Start of Entries provided

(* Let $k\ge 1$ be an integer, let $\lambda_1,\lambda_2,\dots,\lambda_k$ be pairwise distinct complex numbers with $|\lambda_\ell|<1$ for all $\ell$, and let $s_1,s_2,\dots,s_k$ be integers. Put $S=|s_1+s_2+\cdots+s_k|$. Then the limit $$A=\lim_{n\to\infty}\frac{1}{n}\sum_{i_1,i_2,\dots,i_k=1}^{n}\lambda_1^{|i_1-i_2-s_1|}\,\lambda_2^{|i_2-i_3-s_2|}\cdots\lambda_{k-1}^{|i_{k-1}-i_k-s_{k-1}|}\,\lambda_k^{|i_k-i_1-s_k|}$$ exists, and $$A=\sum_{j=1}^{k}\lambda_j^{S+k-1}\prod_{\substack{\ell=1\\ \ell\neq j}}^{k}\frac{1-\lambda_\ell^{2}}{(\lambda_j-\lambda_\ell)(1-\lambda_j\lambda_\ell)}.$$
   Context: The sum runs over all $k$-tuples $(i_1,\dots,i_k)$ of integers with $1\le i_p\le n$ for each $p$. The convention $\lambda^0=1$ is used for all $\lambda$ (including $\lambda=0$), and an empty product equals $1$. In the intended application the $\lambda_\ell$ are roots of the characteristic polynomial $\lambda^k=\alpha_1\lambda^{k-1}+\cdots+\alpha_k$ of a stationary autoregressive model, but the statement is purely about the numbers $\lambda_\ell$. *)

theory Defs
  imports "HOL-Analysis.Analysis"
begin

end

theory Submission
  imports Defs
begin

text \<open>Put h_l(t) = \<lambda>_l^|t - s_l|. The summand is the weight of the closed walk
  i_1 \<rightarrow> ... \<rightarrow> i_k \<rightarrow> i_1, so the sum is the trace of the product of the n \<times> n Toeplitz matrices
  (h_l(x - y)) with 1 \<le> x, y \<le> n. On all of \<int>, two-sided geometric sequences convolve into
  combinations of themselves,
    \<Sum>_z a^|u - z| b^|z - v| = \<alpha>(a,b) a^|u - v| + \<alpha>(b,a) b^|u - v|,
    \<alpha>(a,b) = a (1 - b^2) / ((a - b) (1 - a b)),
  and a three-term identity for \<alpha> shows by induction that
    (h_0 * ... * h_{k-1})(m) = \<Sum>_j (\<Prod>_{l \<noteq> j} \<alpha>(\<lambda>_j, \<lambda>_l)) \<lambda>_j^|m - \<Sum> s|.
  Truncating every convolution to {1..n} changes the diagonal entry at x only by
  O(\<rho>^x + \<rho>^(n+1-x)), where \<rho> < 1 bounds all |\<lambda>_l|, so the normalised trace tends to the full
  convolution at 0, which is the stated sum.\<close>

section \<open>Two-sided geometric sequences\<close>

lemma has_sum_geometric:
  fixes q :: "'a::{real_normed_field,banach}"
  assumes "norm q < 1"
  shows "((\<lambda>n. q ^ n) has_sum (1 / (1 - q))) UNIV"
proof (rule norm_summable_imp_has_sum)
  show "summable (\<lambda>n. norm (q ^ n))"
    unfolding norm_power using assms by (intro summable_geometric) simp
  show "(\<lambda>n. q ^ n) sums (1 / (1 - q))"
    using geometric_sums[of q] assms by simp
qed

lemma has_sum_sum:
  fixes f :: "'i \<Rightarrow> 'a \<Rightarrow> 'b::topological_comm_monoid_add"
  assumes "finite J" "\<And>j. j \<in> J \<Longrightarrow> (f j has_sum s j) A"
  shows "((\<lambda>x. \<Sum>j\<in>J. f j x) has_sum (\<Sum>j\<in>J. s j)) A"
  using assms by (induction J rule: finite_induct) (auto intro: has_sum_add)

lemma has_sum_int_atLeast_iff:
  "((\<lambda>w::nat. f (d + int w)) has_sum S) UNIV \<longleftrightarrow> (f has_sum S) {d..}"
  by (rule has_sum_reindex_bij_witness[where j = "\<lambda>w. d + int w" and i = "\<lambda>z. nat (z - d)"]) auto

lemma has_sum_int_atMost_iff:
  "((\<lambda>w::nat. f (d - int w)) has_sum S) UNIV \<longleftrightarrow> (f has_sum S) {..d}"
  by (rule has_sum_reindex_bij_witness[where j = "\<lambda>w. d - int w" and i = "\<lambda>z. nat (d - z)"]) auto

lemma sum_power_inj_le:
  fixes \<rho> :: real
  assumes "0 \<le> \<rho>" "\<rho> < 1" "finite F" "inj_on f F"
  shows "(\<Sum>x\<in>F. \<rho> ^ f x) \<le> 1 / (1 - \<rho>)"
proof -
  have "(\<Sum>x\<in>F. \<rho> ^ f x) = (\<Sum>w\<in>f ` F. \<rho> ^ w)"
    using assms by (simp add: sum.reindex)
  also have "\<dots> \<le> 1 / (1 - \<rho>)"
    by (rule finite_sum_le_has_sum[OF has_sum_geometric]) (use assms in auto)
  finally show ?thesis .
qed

End of Entries provided

= What is needed =
Each line above from the one with "imports Defs" up to and including the one with "(h_l(x - y)) with" must be set down exactly, and no line outside that span may appear.

= Solved exercise =
  imports Defs
begin

text \<open>Put h_l(t) = \<lambda>_l^|t - s_l|. The summand is the weight of the closed walk
  i_1 \<rightarrow> ... \<rightarrow> i_k \<rightarrow> i_1, so the sum is the trace of the product of the n \<times> n Toeplitz matrices
  (h_l(x - y)) with 1 \<le> x, y \<le> n. On all of \<int>, two-sided geometric sequences convolve into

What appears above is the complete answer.